When the trams were removed in 1960, the bus route that replaced them, the 387, followed much the same route. Buses from this route and from New South Head Road routes turned into Elizabeth Street from Park Street to reach the Phillip Street terminus. For more than a hundred years, Phillip Street has been the terminus for the public transport serving the Eastern Suburbs.

The North Shore rump of the Liberal Party has apparently decided that they will tell public bus passengers from the Eastern suburbs where they will go, and residents will have no say in the matter. The only warning is a trademark cryptic euphemism in the 9/11/2012 brochure:
"Some of the key changes that will benefit customers include:
  • Turning movements will be substantially reduced at the Elizabeth Street and Park Street intersection. This will help simplify bus movements through the city centre.
  • New bus routes will run to Barangaroo and Walsh Bay via the city centre and midtown interchange precinct."
Park Street/Elizabeth Street intersection

SMH 16th July 1923 p15

Criterion Theatre, corner Park and Pitt Streets
In the early settlement, ox-drawn drays found it hard to climb the Darlinghurst escarpment so the main route to the east was Oxford Street and Old South Head Road. The east-west roads between this escarpment and Darling Harbour, which extended south to Pier Street, were narrow and there was little reason to widen them. Sydney Council was given the power to resume properties for road widening in 1912 and proposals to widen Park Street went before Council in January 1914, to no avail.

Bradfield made personal representations to Council in July 1923 and the proposal to widen Park Street to one hundred feet was passed. It took some time for the widening to take place.

The Criterion Theatre was opened in 1886 and would have to be demolished along with the hotel. The building on the northern corner is now a Maccas restaurant. The last performance was on 13th July 1935. Sydney's two other Edwardian live theatres would survive until the 1970s.

Before the opening of the Cahill Expressway, York Street and Park Street was the main route between Australia north of Kirrabilli, and the Eastern Suburbs.
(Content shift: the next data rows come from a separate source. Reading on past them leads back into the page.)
lemma card_affine_weights_Suc_le:
  "card (affine_weights (Suc j) :: (nat \<Rightarrow> 'a::{finite,field}) set) \<le> card (UNIV :: 'a set) ^ j"
proof -
  define extend :: "(nat \<Rightarrow> 'a) \<Rightarrow> (nat \<Rightarrow> 'a)" where
    "extend \<nu> l = (if l = 0 then 1 - sum \<nu> {..<j} else if l \<le> j then \<nu> (l - 1) else undefined)" for \<nu> l
  have incl: "affine_weights (Suc j) \<subseteq> extend ` ({..<j} \<rightarrow>\<^sub>E UNIV)"
  proof
    fix \<mu> :: "nat \<Rightarrow> 'a" assume "\<mu> \<in> affine_weights (Suc j)"
    then have \<mu>: "\<mu> \<in> {..<Suc j} \<rightarrow>\<^sub>E UNIV" "sum \<mu> {..<Suc j} = 1" unfolding affine_weights_def by blast+
    have "\<mu> = extend (restrict (\<lambda>k. \<mu> (Suc k)) {..<j})"
    proof
      fix l
      have "\<mu> 0 + (\<Sum>k<j. \<mu> (Suc k)) = 1" using \<mu>(2) by (simp only: sum.lessThan_Suc_shift)
      moreover have "\<mu> l = undefined" if "\<not> l \<le> j" using PiE_arb[OF \<mu>(1)] that by simp
      ultimately show "\<mu> l = extend (restrict (\<lambda>k. \<mu> (Suc k)) {..<j}) l"
        by (auto simp: extend_def eq_diff_eq)
    qed
    moreover have "restrict (\<lambda>k. \<mu> (Suc k)) {..<j} \<in> {..<j} \<rightarrow>\<^sub>E UNIV" by simp
    ultimately show "\<mu> \<in> extend ` ({..<j} \<rightarrow>\<^sub>E UNIV)" by (rule image_eqI)
  qed
  have "card (affine_weights (Suc j) :: (nat \<Rightarrow> 'a) set) \<le> card (extend ` ({..<j} \<rightarrow>\<^sub>E UNIV))"
    by (rule card_mono[OF _ incl]) (intro finite_imageI finite_PiE; simp)
  also have "\<dots> \<le> card ({..<j} \<rightarrow>\<^sub>E (UNIV :: 'a set))"
    by (intro card_image_le finite_PiE) simp_all
  finally show ?thesis by (simp add: card_PiE)
qed

lemma card_tuples_in_hull_le:
  fixes A :: "(nat \<Rightarrow> 'a::{finite,field}) set"
  assumes A: "finite A" and j: "j < r"
  shows "card {t \<in> {..<r} \<rightarrow>\<^sub>E A. t j \<in> aff_hull_tuple t j} \<le> card A ^ (r - 1) * card (affine_weights j :: (nat \<Rightarrow> 'a) set)"
proof -
  let ?P = "(({..<r} - {j}) \<rightarrow>\<^sub>E A) \<times> (affine_weights j :: (nat \<Rightarrow> 'a) set)"
  have "{t \<in> {..<r} \<rightarrow>\<^sub>E A. t j \<in> aff_hull_tuple t j} \<subseteq> (\<lambda>(u, \<mu>). u(j := aff_comb \<mu> u j)) ` ?P"
  proof
    fix t assume "t \<in> {t \<in> {..<r} \<rightarrow>\<^sub>E A. t j \<in> aff_hull_tuple t j}"
    then have t: "t \<in> {..<r} \<rightarrow>\<^sub>E A" and "t j \<in> aff_hull_tuple t j" by simp_all
    then obtain \<mu> where \<mu>: "\<mu> \<in> affine_weights j" and t_j: "t j = aff_comb \<mu> t j"
      unfolding aff_hull_tuple_def by blast
    let ?u = "restrict t ({..<r} - {j})"
    have "aff_comb \<mu> ?u j = aff_comb \<mu> t j" by (rule aff_comb_cong) (use j in simp_all)
    then have "t = (\<lambda>(u, \<mu>). u(j := aff_comb \<mu> u j)) (?u, \<mu>)"
      using t_j PiE_arb[OF t] by (simp add: fun_eq_iff)
    moreover have "(?u, \<mu>) \<in> ?P" using t \<mu> by (auto simp: PiE_iff)
    ultimately show "t \<in> (\<lambda>(u, \<mu>). u(j := aff_comb \<mu> u j)) ` ?P" by (rule image_eqI)
  qed
  moreover have "finite ?P" using A finite_affine_weights by (intro finite_cartesian_product finite_PiE) auto
  ultimately have "card {t \<in> {..<r} \<rightarrow>\<^sub>E A. t j \<in> aff_hull_tuple t j}
      \<le> card ((\<lambda>(u, \<mu>). u(j := aff_comb \<mu> u j)) ` ?P)"
    by (intro card_mono finite_imageI)
  also have "\<dots> \<le> card ?P" using \<open>finite ?P\<close> by (rule card_image_le)
  also have "\<dots> = card A ^ (r - 1) * card (affine_weights j :: (nat \<Rightarrow> 'a) set)"
    using j by (simp add: card_cartesian_product card_PiE)
  finally show ?thesis .
qed
lemma centre_has_derivative:
  assumes t: "t \<in> {0..T}"
  shows "(centre y0 has_real_derivative c t - \<kappa> * centre y0 t) (at t within {0..T})"
proof -
  have "continuous_on {0..T} (\<lambda>s. exp (\<kappa> * s) * c s)"
    using continuous_on_subset[OF c_cont, of "{0..T}"] by (auto intro!: continuous_intros)
  then have "(centre y0 has_real_derivative
      - \<kappa> * exp (- \<kappa> * t) * (y0 + integral {0..t} (\<lambda>s. exp (\<kappa> * s) * c s))
      + exp (- \<kappa> * t) * (exp (\<kappa> * t) * c t)) (at t within {0..T})"
    unfolding centre_def[abs_def] using t
    by (auto intro!: derivative_eq_intros integral_has_real_derivative simp: algebra_simps)
  moreover have "exp (- \<kappa> * t) * exp (\<kappa> * t) = 1"
    by (simp add: exp_minus_inverse[symmetric] exp_add[symmetric])
  ultimately show ?thesis
    by (simp add: centre_def algebra_simps)
qed

definition central_moment :: "nat \<Rightarrow> real \<Rightarrow> real \<Rightarrow> real" where
  "central_moment n y0 t = (\<integral>w. (w - centre y0 t)^n \<partial>\<mu> t)"

lemma central_moment_has_derivative:
  assumes t: "t \<in> {0..T}"
  shows "(central_moment n y0 has_real_derivative - (real n * \<kappa>) * central_moment n y0 t) (at t within {0..T})"
proof -
  define y where "y = centre y0 t"
  define a where "a j s = real (n choose j) * (- centre y0 s)^(n-j)" for j s
  define a' where "a' j = real (n choose j) * (real (n-j) * (- y)^(n-j-1)) * - (c t - \<kappa> * y)" for j
  have expand: "(\<integral>w. (\<Sum>j\<le>n. a j s * w^j) \<partial>\<mu> s) = central_moment n y0 s" for s
    unfolding central_moment_def a_def using binomial_ring[of _ "- centre y0 s" n]
    by (simp add: mult_ac)
  have "(\<Sum>j\<le>n. a' j * w^j + a j t * (real j * w^(j-1) * (c t - \<kappa> * w)))
      = - (c t - \<kappa> * y) * (\<Sum>j\<le>n. real (n choose j) * w^j * (real (n-j) * (- y)^(n-j-1)))
        + (c t - \<kappa> * w) * (\<Sum>j\<le>n. real (n choose j) * (real j * w^(j-1)) * (- y)^(n-j))" for w
    unfolding a_def a'_def y_def sum_distrib_left sum.distrib[symmetric]
    by (rule sum.cong) (simp_all add: algebra_simps)
  also have "\<dots> w = - (real n * \<kappa>) * (w - y)^n" for w
    unfolding binomial_ring_deriv_left binomial_ring_deriv_right
    by (cases n) (simp_all add: algebra_simps)
  finally have pointwise: "(\<Sum>j\<le>n. a' j * w^j + a j t * (real j * w^(j-1) * (c t - \<kappa> * w)))
      = - (real n * \<kappa>) * (w - y)^n" for w .
  have "((\<lambda>s. \<integral>w. (\<Sum>j\<le>n. a j s * w^j) \<partial>\<mu> s) has_real_derivative
      (\<integral>w. (\<Sum>j\<le>n. a' j * w^j + a j t * (real j * w^(j-1) * (c t - \<kappa> * w))) \<partial>\<mu> t))
    (at t within {0..T})"
    unfolding a'_def y_def
    by (intro integral_poly_has_derivative[OF t])
       (auto simp: a_def intro!: derivative_eq_intros centre_has_derivative[OF t])
  then show ?thesis
    unfolding expand pointwise by (simp add: central_moment_def[abs_def] y_def)
qed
The connection between York Street and Park Street was closed to vehicles other than buses by competent State Governments a long time ago forcing traffic onto the Cahill Expressway; and westbound traffic in Druitt Street was reduced from three lanes to two with the introduction of a bus only eastbound lane. Druitt Street is one of the most congested roads in the State.
Druitt Street was not widened in the 1930s - there was no reason to do this. The Robin Askin government had plans to introduce eastbound lanes in Druitt Street by demolishing properties on the northern side but the election of Neville Wran in 1976 brought these plans to a halt. The easternmost pylon for the carriageway over Darling Harbour had already been poured but this was cut off at the base and hauled away.

When a bus enters Druitt Street there are only two options:

  1. Proceed to Victoria Road - it is physically impossible to turn around.
  2. Make a right-hand turn from the westbound general traffic lane; which leads inexorably to the Harbour Bridge or Walsh Bay.
So instead of turning from Park Street into Elizabeth Street, as they have for more than 100 years, public transport services from the Eastern Suburbs are to be be caught up in general traffic lanes in Park and Druitt Streets; and will have to compete with North Shore buses terminated at the Queen Victoria Building, to make a right-hand turn from a two lane road.

Public transport passengers from the Eastern Suburbs are to be forced to walk south along Elizabeth Street to catch a northbound Broadway bus service or North Shore bus service, from a stop south of Bathurst Street, to reach destinations in the CBD north of Park Street.

The arrogance and incompetence of the Public Servants at TfNSW has reached a level that brings their sanity into question.

The fate of Eastern Suburbs public transport services will ultimately be decided at the State Election on March 28, 2015. If O'Farrell is returned for a second term all is lost.